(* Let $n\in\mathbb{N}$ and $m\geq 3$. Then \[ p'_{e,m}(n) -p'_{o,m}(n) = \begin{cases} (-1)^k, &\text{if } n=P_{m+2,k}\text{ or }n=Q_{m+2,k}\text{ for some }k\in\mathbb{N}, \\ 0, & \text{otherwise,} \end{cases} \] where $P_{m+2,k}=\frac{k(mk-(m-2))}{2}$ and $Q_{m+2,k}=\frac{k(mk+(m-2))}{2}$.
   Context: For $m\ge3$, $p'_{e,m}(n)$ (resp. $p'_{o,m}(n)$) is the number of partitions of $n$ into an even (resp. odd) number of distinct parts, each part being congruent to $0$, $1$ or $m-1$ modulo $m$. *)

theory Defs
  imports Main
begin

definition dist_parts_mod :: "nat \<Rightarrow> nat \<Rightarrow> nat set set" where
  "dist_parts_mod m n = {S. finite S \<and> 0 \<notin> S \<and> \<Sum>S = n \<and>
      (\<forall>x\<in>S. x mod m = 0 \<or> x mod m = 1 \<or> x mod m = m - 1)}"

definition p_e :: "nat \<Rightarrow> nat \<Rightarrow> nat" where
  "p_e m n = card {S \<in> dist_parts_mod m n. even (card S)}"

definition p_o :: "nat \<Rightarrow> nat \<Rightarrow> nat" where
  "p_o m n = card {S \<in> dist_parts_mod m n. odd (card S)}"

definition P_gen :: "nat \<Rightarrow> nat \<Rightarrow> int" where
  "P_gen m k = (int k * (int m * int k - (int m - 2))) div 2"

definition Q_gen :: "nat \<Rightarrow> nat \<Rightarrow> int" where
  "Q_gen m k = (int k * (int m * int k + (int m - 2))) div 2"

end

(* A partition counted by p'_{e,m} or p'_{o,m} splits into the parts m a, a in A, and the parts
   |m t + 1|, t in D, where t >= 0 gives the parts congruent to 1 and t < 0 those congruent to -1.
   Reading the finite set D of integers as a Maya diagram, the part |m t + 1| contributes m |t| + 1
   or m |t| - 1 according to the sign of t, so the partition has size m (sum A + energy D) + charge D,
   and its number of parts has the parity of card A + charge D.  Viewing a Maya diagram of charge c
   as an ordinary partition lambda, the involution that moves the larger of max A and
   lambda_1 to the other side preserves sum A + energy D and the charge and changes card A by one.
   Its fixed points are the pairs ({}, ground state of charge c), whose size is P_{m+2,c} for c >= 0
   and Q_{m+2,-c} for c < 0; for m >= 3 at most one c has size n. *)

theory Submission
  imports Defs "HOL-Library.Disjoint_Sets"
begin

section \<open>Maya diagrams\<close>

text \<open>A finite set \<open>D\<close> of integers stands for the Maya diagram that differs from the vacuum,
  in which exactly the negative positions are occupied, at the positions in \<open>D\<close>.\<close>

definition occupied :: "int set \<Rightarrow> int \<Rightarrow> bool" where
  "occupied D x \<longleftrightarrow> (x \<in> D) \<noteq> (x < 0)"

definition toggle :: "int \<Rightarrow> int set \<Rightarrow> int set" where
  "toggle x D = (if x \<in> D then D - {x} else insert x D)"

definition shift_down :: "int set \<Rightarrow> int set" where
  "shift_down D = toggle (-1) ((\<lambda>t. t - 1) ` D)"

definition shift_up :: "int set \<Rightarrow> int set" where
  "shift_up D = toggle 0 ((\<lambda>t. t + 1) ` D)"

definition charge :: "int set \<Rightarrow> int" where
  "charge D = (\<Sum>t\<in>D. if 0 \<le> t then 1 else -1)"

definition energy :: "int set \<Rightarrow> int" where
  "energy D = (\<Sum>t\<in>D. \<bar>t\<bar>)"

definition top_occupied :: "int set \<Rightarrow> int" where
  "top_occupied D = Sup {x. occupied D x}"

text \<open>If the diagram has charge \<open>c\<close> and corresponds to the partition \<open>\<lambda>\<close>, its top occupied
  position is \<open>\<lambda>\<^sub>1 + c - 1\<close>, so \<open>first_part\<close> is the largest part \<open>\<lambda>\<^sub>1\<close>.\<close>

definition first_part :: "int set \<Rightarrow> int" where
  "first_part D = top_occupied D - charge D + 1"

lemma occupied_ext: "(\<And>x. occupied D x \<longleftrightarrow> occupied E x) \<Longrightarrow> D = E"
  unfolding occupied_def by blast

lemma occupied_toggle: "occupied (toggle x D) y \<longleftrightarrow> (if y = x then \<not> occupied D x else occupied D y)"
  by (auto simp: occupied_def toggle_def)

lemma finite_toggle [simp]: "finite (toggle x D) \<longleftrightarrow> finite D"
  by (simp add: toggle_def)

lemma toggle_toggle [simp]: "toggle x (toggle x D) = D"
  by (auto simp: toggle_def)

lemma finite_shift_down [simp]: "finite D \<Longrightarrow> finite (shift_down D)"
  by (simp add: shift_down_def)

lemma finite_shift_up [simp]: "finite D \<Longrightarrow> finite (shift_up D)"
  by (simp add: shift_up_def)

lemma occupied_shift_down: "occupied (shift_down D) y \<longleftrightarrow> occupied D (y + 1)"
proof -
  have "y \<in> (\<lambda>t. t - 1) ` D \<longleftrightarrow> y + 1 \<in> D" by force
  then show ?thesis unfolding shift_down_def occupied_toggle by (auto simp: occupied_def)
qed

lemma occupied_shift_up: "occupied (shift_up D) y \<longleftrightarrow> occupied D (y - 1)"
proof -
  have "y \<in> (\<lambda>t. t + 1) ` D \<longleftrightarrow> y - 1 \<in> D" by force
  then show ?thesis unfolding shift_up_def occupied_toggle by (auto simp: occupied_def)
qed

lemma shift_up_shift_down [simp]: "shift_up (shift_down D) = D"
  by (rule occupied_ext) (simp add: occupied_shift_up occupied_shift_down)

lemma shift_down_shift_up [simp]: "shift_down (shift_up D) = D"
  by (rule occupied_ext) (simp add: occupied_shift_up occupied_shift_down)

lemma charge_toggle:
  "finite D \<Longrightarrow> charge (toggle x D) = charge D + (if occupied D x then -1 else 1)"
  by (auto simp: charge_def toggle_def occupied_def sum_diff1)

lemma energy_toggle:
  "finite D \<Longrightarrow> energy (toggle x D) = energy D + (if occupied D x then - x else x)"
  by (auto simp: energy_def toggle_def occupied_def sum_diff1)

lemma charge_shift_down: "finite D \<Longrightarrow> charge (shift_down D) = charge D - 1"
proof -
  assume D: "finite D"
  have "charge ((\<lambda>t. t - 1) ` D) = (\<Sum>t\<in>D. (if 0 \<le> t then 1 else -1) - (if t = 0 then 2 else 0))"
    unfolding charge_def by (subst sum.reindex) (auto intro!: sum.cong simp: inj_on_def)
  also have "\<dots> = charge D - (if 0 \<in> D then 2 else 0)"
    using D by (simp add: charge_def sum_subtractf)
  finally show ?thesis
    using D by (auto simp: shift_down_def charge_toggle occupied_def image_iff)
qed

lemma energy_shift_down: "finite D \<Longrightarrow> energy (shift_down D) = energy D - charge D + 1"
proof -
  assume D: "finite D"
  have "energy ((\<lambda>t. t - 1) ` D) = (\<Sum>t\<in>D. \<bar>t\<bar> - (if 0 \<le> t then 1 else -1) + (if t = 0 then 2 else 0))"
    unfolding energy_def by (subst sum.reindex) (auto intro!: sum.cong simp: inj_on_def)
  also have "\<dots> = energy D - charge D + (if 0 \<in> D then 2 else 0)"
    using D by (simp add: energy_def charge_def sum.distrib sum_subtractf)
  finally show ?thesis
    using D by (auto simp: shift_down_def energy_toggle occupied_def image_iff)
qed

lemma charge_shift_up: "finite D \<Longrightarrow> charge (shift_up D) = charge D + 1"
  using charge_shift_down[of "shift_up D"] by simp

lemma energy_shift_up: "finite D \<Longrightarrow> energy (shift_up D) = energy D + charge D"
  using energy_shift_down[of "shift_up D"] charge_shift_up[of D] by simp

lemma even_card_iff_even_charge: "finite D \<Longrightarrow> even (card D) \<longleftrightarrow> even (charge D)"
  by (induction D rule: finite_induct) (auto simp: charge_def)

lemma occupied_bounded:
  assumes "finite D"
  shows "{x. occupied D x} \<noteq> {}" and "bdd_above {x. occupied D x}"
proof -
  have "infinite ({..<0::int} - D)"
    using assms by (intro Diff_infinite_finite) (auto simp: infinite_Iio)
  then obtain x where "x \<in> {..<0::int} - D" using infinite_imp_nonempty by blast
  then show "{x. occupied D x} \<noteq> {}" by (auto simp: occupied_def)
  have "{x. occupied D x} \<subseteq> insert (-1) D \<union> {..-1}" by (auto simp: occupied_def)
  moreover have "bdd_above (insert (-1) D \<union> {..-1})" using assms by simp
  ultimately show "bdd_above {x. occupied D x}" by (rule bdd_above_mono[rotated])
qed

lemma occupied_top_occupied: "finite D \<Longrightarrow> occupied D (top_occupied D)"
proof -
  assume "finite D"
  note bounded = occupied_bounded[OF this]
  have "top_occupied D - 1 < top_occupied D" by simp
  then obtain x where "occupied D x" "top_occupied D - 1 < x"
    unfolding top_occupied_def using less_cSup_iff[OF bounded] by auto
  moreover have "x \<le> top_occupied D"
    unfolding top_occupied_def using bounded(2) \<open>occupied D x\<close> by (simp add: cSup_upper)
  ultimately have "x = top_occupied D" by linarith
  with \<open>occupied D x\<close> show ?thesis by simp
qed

- REQUIREMENT
From the entries above, show each line that includes the string "integers".

- RESULT FOR THIS TASK
   Reading the finite set D of integers as a Maya diagram, the part |m t + 1| contributes m |t| + 1
text \<open>A finite set \<open>D\<close> of integers stands for the Maya diagram that differs from the vacuum,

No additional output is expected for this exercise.